Nonetheless, McCain stands as an example of what can be, especially among Republicans.

Imperfect, of course, though I’m proud to have been a very small part of his 2000 presidential campaign in the Veterans for McCain operation. It seemed at times that McCain was so reflexively interventionist that he might intervene in a snowball fight at the South Pole. But at times it is necessary to pull the trigger. As was the case with the early rise of Isis, which the Obama National Security Council fatefully allowed to flourish for months while pursuing tangential diplomacy in Baghdad.

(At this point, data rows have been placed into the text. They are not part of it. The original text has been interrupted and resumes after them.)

(* Let $\mathcal{H}$ be a separable complex Hilbert space, $A\in\mathcal{B}(\mathcal{H})$, and $g\in\mathrm{ran}A$. Let $(u_n)_{n\in\mathbb{N}}$ and $(v_n)_{n\in\mathbb{N}}$ be orthonormal bases of $\mathcal{H}$, and for each $N$ let $A_N$ and $g_N$ be as defined in the context. Then there exists a sequence $(f^{(N)})_{N\in\mathbb{N}}$ with $f^{(N)}\in\mathbb{C}^N$ for each $N$ such that \[\lim_{N\to\infty}\|A_Nf^{(N)}-g_N\|_{\mathbb{C}^N}=0.\]
   Context: For orthonormal bases $(u_n)$, $(v_n)$ of $\mathcal{H}$ and $N\in\mathbb{N}$: $A_N$ is the $N\times N$ matrix with entries $(A_N)_{ij}=\langle v_i,Au_j\rangle$ for $i,j\in\{1,\dots,N\}$, and $g_N=(\langle v_1,g\rangle,\dots,\langle v_N,g\rangle)\in\mathbb{C}^N$. The inner product is antilinear in the first entry. $\mathcal{B}(\mathcal{H})$ denotes the bounded everywhere defined linear operators on $\mathcal{H}$. *)

theory Defs
  imports "HOL-Analysis.Analysis"
begin

class scaleC = scaleR +
  fixes scaleC :: "complex \<Rightarrow> 'a \<Rightarrow> 'a" (infixr "*\<^sub>C" 75)
  assumes scaleR_scaleC: "scaleR r = scaleC (complex_of_real r)"

class complex_vector = scaleC + real_vector +
  assumes scaleC_add_right: "a *\<^sub>C (x + y) = a *\<^sub>C x + a *\<^sub>C y"
    and scaleC_add_left: "(a + b) *\<^sub>C x = a *\<^sub>C x + b *\<^sub>C x"
    and scaleC_scaleC: "a *\<^sub>C (b *\<^sub>C x) = (a * b) *\<^sub>C x"
    and scaleC_one: "1 *\<^sub>C x = x"

class complex_inner = complex_vector + real_normed_vector +
  fixes cinner :: "'a \<Rightarrow> 'a \<Rightarrow> complex"
  assumes cinner_commute: "cinner x y = cnj (cinner y x)"
    and cinner_add_left: "cinner (x + y) z = cinner x z + cinner y z"
    and cinner_scaleC_left: "cinner (r *\<^sub>C x) y = cnj r * cinner x y"
    and cinner_self_real_nonneg: "Im (cinner x x) = 0 \<and> 0 \<le> Re (cinner x x)"
    and cinner_eq_zero_iff: "cinner x x = 0 \<longleftrightarrow> x = 0"
    and norm_eq_sqrt_cinner: "norm x = sqrt (Re (cinner x x))"

definition bounded_clinear_op :: "('a::complex_inner \<Rightarrow> 'b::complex_inner) \<Rightarrow> bool" where
  "bounded_clinear_op A \<longleftrightarrow>
     (\<forall>x y. A (x + y) = A x + A y) \<and> (\<forall>c x. A (c *\<^sub>C x) = c *\<^sub>C A x) \<and>
     (\<exists>K. \<forall>x. norm (A x) \<le> K * norm x)"

definition cspan :: "'a::complex_vector set \<Rightarrow> 'a set" where
  "cspan S = {x. \<exists>F c. finite F \<and> F \<subseteq> S \<and> x = (\<Sum>v\<in>F. c v *\<^sub>C v)}"

definition is_onb :: "(nat \<Rightarrow> 'a::complex_inner) \<Rightarrow> bool" where
  "is_onb u \<longleftrightarrow> (\<forall>i j. cinner (u i) (u j) = (if i = j then 1 else 0))
                 \<and> closure (cspan (range u)) = UNIV"

text \<open>Finite sections: entries indexed by 0..N-1 (shifted from 1..N).\<close>
definition sect_mat :: "(nat \<Rightarrow> 'a::complex_inner) \<Rightarrow> (nat \<Rightarrow> 'a) \<Rightarrow> ('a \<Rightarrow> 'a) \<Rightarrow> nat \<Rightarrow> nat \<Rightarrow> complex" where
  "sect_mat u v A i j = cinner (v i) (A (u j))"

definition sect_vec :: "(nat \<Rightarrow> 'a::complex_inner) \<Rightarrow> 'a \<Rightarrow> nat \<Rightarrow> complex" where
  "sect_vec v g i = cinner (v i) g"

definition cnorm_N :: "nat \<Rightarrow> (nat \<Rightarrow> complex) \<Rightarrow> real" where
  "cnorm_N N x = sqrt (\<Sum>i<N. (cmod (x i))\<^sup>2)"

end

theory Submission imports Defs begin

text \<open>Pick \<open>f\<^sub>0\<close> with \<open>A f\<^sub>0 = g\<close> and let \<open>c\<^sub>N\<close> be the coefficients of a near-best approximation
  of \<open>f\<^sub>0\<close> from the span of \<open>u\<^sub>1, \<dots>, u\<^sub>N\<close>; since the span of the basis is dense, the
  approximation errors tend to \<open>0\<close>. The residual \<open>A\<^sub>N c\<^sub>N - g\<^sub>N\<close> is the vector of the first \<open>N\<close>
  coefficients of \<open>A (\<Sum>\<^sub>j c\<^sub>N\<^sub>j u\<^sub>j - f\<^sub>0)\<close> with respect to \<open>v\<close>, so by Bessel's inequality its norm
  is at most \<open>\<parallel>A\<parallel>\<close> times that error.\<close>

lemma scaleC_zero_left [simp]: "(0::complex) *\<^sub>C (x::'a::complex_vector) = 0"
  using scaleC_add_left[of 0 0 x] by simp

lemma cinner_add_right: "cinner x (y + z) = cinner x y + cinner x z"
  by (metis cinner_commute cinner_add_left complex_cnj_add)

lemma cinner_scaleC_right: "cinner x (r *\<^sub>C y) = r * cinner x y"
  by (metis cinner_commute cinner_scaleC_left complex_cnj_mult complex_cnj_cnj)

lemma cinner_zero_left [simp]: "cinner 0 y = 0"
  using cinner_add_left[of 0 0 y] by simp

lemma cinner_zero_right [simp]: "cinner y 0 = 0"
  using cinner_add_right[of y 0 0] by simp

lemma cinner_diff_left: "cinner (x - y) z = cinner x z - cinner y z"
  using cinner_add_left[of "x - y" y z] by simp

lemma cinner_diff_right: "cinner z (x - y) = cinner z x - cinner z y"
  using cinner_add_right[of z "x - y" y] by simp

lemma cinner_sum_left: "cinner (\<Sum>i\<in>I. f i) y = (\<Sum>i\<in>I. cinner (f i) y)"
  by (induction I rule: infinite_finite_induct) (auto simp: cinner_add_left)

lemma cinner_sum_right: "cinner y (\<Sum>i\<in>I. f i) = (\<Sum>i\<in>I. cinner y (f i))"
  by (induction I rule: infinite_finite_induct) (auto simp: cinner_add_right)

lemma cinner_self_eq_norm_square: "cinner x x = complex_of_real ((norm x)\<^sup>2)"
  using cinner_self_real_nonneg[of x] by (simp add: norm_eq_sqrt_cinner complex_eq_iff)

lemma cnj_mult_self: "cnj c * c = complex_of_real ((cmod c)\<^sup>2)"
  by (metis complex_norm_square mult.commute complex_mult_cnj)

lemma cinner_sum_orthonormal:
  fixes v :: "nat \<Rightarrow> 'a::complex_inner"
  assumes "\<forall>i j. cinner (v i) (v j) = (if i = j then 1 else 0)"
  shows "cinner (\<Sum>i<N. a i *\<^sub>C v i) (\<Sum>i<N. a i *\<^sub>C v i) = (\<Sum>i<N. complex_of_real ((cmod (a i))\<^sup>2))"
proof -
  have "cinner (\<Sum>i<N. a i *\<^sub>C v i) (\<Sum>i<N. a i *\<^sub>C v i)
      = (\<Sum>i<N. a i * (\<Sum>j<N. cnj (a j) * (if j = i then 1 else 0)))"
    by (simp only: cinner_sum_left cinner_sum_right cinner_scaleC_left cinner_scaleC_right assms)
  also have "\<dots> = (\<Sum>i<N. complex_of_real ((cmod (a i))\<^sup>2))"
    by (intro sum.cong refl)
       (simp add: if_distrib[where f = "times _"] complex_norm_square[unfolded of_real_power] cong: if_cong)
  finally show ?thesis .
qed

lemma bessel_inequality:
  fixes v :: "nat \<Rightarrow> 'a::complex_inner"
  assumes orthonormal: "\<forall>i j. cinner (v i) (v j) = (if i = j then 1 else 0)"
  shows "cnorm_N N (\<lambda>i. cinner (v i) z) \<le> norm z"
proof -
  define a where "a i = cinner (v i) z" for i
  define s where "s = (\<Sum>i<N. a i *\<^sub>C v i)"
  define S where "S = (\<Sum>i<N. complex_of_real ((cmod (a i))\<^sup>2))"
  have s_z: "cinner s z = S"
    unfolding s_def S_def cinner_sum_left cinner_scaleC_left a_def[symmetric]
    by (simp add: cnj_mult_self)
  then have z_s: "cinner z s = S"
    using cinner_commute[of z s] unfolding S_def by simp
  have s_s: "cinner s s = S"
    unfolding s_def S_def by (rule cinner_sum_orthonormal[OF orthonormal])
  have "cinner (z - s) (z - s) = complex_of_real ((norm z)\<^sup>2) - S"
    by (simp only: cinner_diff_left cinner_diff_right s_z z_s s_s cinner_self_eq_norm_square[of z]) simp
  then have "(\<Sum>i<N. (cmod (a i))\<^sup>2) \<le> (norm z)\<^sup>2"
    using cinner_self_real_nonneg[of "z - s"] by (simp add: S_def)
  then show ?thesis
    using real_sqrt_le_mono by (fastforce simp: cnorm_N_def a_def)
qed

lemma onb_eventually_approximates:
  fixes u :: "nat \<Rightarrow> 'a::complex_inner"
  assumes "is_onb u" "e > 0"
  shows "\<forall>\<^sub>F N in sequentially. \<exists>c. norm ((\<Sum>j<N. c j *\<^sub>C u j) - f) < e"
proof -
  have orthonormal: "\<forall>i j. cinner (u i) (u j) = (if i = j then 1 else 0)"
    and dense: "closure (cspan (range u)) = UNIV"
    using assms(1) unfolding is_onb_def by auto
  have "inj u"
    by (rule injI) (metis orthonormal one_neq_zero)
  have "f \<in> closure (cspan (range u))" using dense by simp
  then obtain y where y: "y \<in> cspan (range u)" "dist y f < e"
    using assms(2) closure_approachable by blast
  then obtain F c where F: "finite F" "F \<subseteq> range u" "y = (\<Sum>w\<in>F. c w *\<^sub>C w)"
    unfolding cspan_def by blast
  define J where "J = u -` F"
  have "finite J"
    unfolding J_def using F(1) \<open>inj u\<close> by (simp add: finite_vimageI)
  have y_J: "y = (\<Sum>j\<in>J. c (u j) *\<^sub>C u j)"
  proof -
    have "F = u ` J" unfolding J_def using F(2) by auto
    then show ?thesis
      unfolding F(3) by (simp add: sum.reindex inj_on_subset[OF \<open>inj u\<close>])
  qed
  obtain M where M: "J \<subseteq> {..<M}" using \<open>finite J\<close> finite_nat_bounded by blast
  show ?thesis
    unfolding eventually_sequentially
  proof (intro exI[of _ M] allI impI)
    fix N assume "M \<le> N"
    define c' where "c' j = (if j \<in> J then c (u j) else 0)" for j
    have "(\<Sum>j<N. c' j *\<^sub>C u j) = (\<Sum>j\<in>J. c' j *\<^sub>C u j)"
      using \<open>M \<le> N\<close> M
      by (intro sum.mono_neutral_right) (auto simp: c'_def)
    also have "\<dots> = y" unfolding y_J by (rule sum.cong) (auto simp: c'_def)
    finally show "\<exists>c. norm ((\<Sum>j<N. c j *\<^sub>C u j) - f) < e"
      using y(2) by (auto simp: dist_norm)
  qed
qed

text \<open>Choose \<open>c N\<close> within \<open>1/(N+1)\<close> of the infimum of \<open>S N\<close>; the infima tend to \<open>0\<close>.\<close>
lemma choice_tendsto_zero:
  fixes S :: "nat \<Rightarrow> 'c \<Rightarrow> real"
  assumes nonneg: "\<And>N c. 0 \<le> S N c"
    and small: "\<And>e. e > 0 \<Longrightarrow> \<forall>\<^sub>F N in sequentially. \<exists>c. S N c < e"
  shows "\<exists>c. (\<lambda>N. S N (c N)) \<longlonglongrightarrow> 0"
proof -
  define d where "d N = Inf (range (S N))" for N
  have bdd: "bdd_below (range (S N))" for N
    using nonneg by (intro bdd_belowI) auto
  have "\<exists>c. S N c < d N + 1 / (real N + 1)" for N
  proof -
    have "Inf (range (S N)) < d N + 1 / (real N + 1)"
      unfolding d_def by simp
    then show ?thesis
      using cInf_lessD[of "range (S N)"] by blast
  qed
  then obtain c where c: "\<And>N. S N (c N) < d N + 1 / (real N + 1)" by metis
  have "d \<longlonglongrightarrow> 0"
  proof (rule LIMSEQ_I)
    fix e :: real assume "e > 0"
    have "norm (d N - 0) < e" if "\<exists>c. S N c < e" for N
    proof -
      from that obtain c where "S N c < e" by blast
      moreover have "d N \<le> S N c" unfolding d_def by (rule cInf_lower[OF _ bdd]) auto
      moreover have "0 \<le> d N" unfolding d_def using nonneg by (intro cInf_greatest) auto
      ultimately show ?thesis by simp
    qed
    then show "\<exists>M. \<forall>N\<ge>M. norm (d N - 0) < e"
      using small[OF \<open>e > 0\<close>] unfolding eventually_sequentially by blast
  qed
  moreover have "(\<lambda>N. 1 / (real N + 1)) \<longlonglongrightarrow> 0"
    using LIMSEQ_inverse_real_of_nat by (simp add: divide_inverse add.commute)
  ultimately have upper: "(\<lambda>N. d N + 1 / (real N + 1)) \<longlonglongrightarrow> 0 + 0"
    by (rule tendsto_add)
  have bound: "\<forall>N. norm (S N (c N)) \<le> d N + 1 / (real N + 1)"
    using c nonneg by (smt (verit) real_norm_def)
  have "(\<lambda>N. S N (c N)) \<longlonglongrightarrow> 0"
    using Lim_null_comparison[OF always_eventually[OF bound]] upper by simp
  then show ?thesis by blast
qed

lemma bounded_clinear_op_sum:
  assumes "bounded_clinear_op A"
  shows "A (\<Sum>j\<in>I. c j *\<^sub>C u j) = (\<Sum>j\<in>I. c j *\<^sub>C A (u j))"
proof -
  interpret additive A
    using assms unfolding bounded_clinear_op_def by unfold_locales blast
  show ?thesis
    using assms by (simp add: sum bounded_clinear_op_def)
qed

lemma bounded_clinear_op_diff:
  assumes "bounded_clinear_op A"
  shows "A (x - y) = A x - A y"
proof -
  interpret additive A
    using assms unfolding bounded_clinear_op_def by unfold_locales blast
  show ?thesis by (rule diff)
qed

lemma section_residual_le:
  fixes A :: "'a::complex_inner \<Rightarrow> 'a"
  assumes "bounded_clinear_op A" and K: "\<And>x. norm (A x) \<le> K * norm x"
    and "is_onb v"
  shows "cnorm_N N (\<lambda>i. (\<Sum>j<N. sect_mat u v A i j * c j) - sect_vec v (A f) i)
           \<le> K * norm ((\<Sum>j<N. c j *\<^sub>C u j) - f)"
proof -
  define x where "x = (\<Sum>j<N. c j *\<^sub>C u j)"
  have coeff: "(\<Sum>j<N. sect_mat u v A i j * c j) - sect_vec v (A f) i = cinner (v i) (A (x - f))" for i
    using bounded_clinear_op_sum[OF assms(1), of c u "{..<N}"]
    by (simp add: x_def sect_mat_def sect_vec_def bounded_clinear_op_diff[OF assms(1)]
        cinner_diff_right cinner_sum_right cinner_scaleC_right mult.commute)
  have "cnorm_N N (\<lambda>i. cinner (v i) (A (x - f))) \<le> norm (A (x - f))"
    using \<open>is_onb v\<close> unfolding is_onb_def by (blast intro: bessel_inequality)
  also have "\<dots> \<le> K * norm (x - f)" by (rule K)
  finally show ?thesis unfolding coeff x_def .
qed

lemma cnorm_N_nonneg: "0 \<le> cnorm_N N x"
  unfolding cnorm_N_def by (intro real_sqrt_ge_zero sum_nonneg) simp

theorem lemma2p2:
  fixes A :: "'a::{complex_inner, complete_space} \<Rightarrow> 'a"
    and g :: 'a and u v :: "nat \<Rightarrow> 'a"
  assumes "\<exists>D :: 'a set. countable D \<and> closure D = UNIV"
    and "bounded_clinear_op A"
    and "g \<in> range A"
    and "is_onb u" and "is_onb v"
  shows "\<exists>f :: nat \<Rightarrow> nat \<Rightarrow> complex.
           (\<lambda>N. cnorm_N N (\<lambda>i. (\<Sum>j<N. sect_mat u v A i j * f N j) - sect_vec v g i))
             \<longlonglongrightarrow> 0"
proof -
  obtain f0 where g: "g = A f0" using assms(3) by auto
  obtain K where K: "\<And>x. norm (A x) \<le> K * norm x"
    using assms(2) unfolding bounded_clinear_op_def by blast
  have "\<exists>c. (\<lambda>N. norm ((\<Sum>j<N. c N j *\<^sub>C u j) - f0)) \<longlonglongrightarrow> 0"
    by (rule choice_tendsto_zero) (simp_all add: onb_eventually_approximates[OF assms(4)])
  then obtain c where approx: "(\<lambda>N. norm ((\<Sum>j<N. c N j *\<^sub>C u j) - f0)) \<longlonglongrightarrow> 0" ..
  have "(\<lambda>N. cnorm_N N (\<lambda>i. (\<Sum>j<N. sect_mat u v A i j * c N j) - sect_vec v g i)) \<longlonglongrightarrow> 0"
    using section_residual_le[OF assms(2) K assms(5)] cnorm_N_nonneg
    by (intro Lim_null_comparison[OF always_eventually tendsto_mult_right_zero[OF approx, of K]])
       (simp add: g)
  then show ?thesis by blast
qed

end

McCain has balanced his martial advocacy with military reform (he is a great friend of my old friend and boss Gary Hart) and is a great advocate of efforts to rein in big money in politics and deal with climate change. For all his intrepidity as a naval aviator, it is his heroic perseverance which makes McCain such an inspirational figure.

John McCain stands for the updating of enduring American values, as recounted in his great memoir ‘Faith of My Fathers’, co-authored with former chief of staff Mark Salter.

Discussing his time as a tortured prisoner of war, McCain declared: “Glory belongs to the act of being constant to something greater than yourself, to a cause, to your principles. No misfortune, no injury, no humiliation can destroy it.”

When Donald Trump, a classic chicken hawk draft dodger, dissed McCain as somehow not a real hero because he had been captured (as if the cosseted New York rich kid had ever put himself on the line), I thought Trump had ruined himself. That he had not, as I quickly realized, told me that Trump was really on to something in devolutionary America, something that made him the coming political thing.

But at some point, perhaps some point approaching sooner than later — if Trump’s renewed Monday morning Twitter fit is any indicator — Republican pols will again find themselves at a crossroads at which principle is again in consideration.

And perhaps the example of John McCain will again be in play.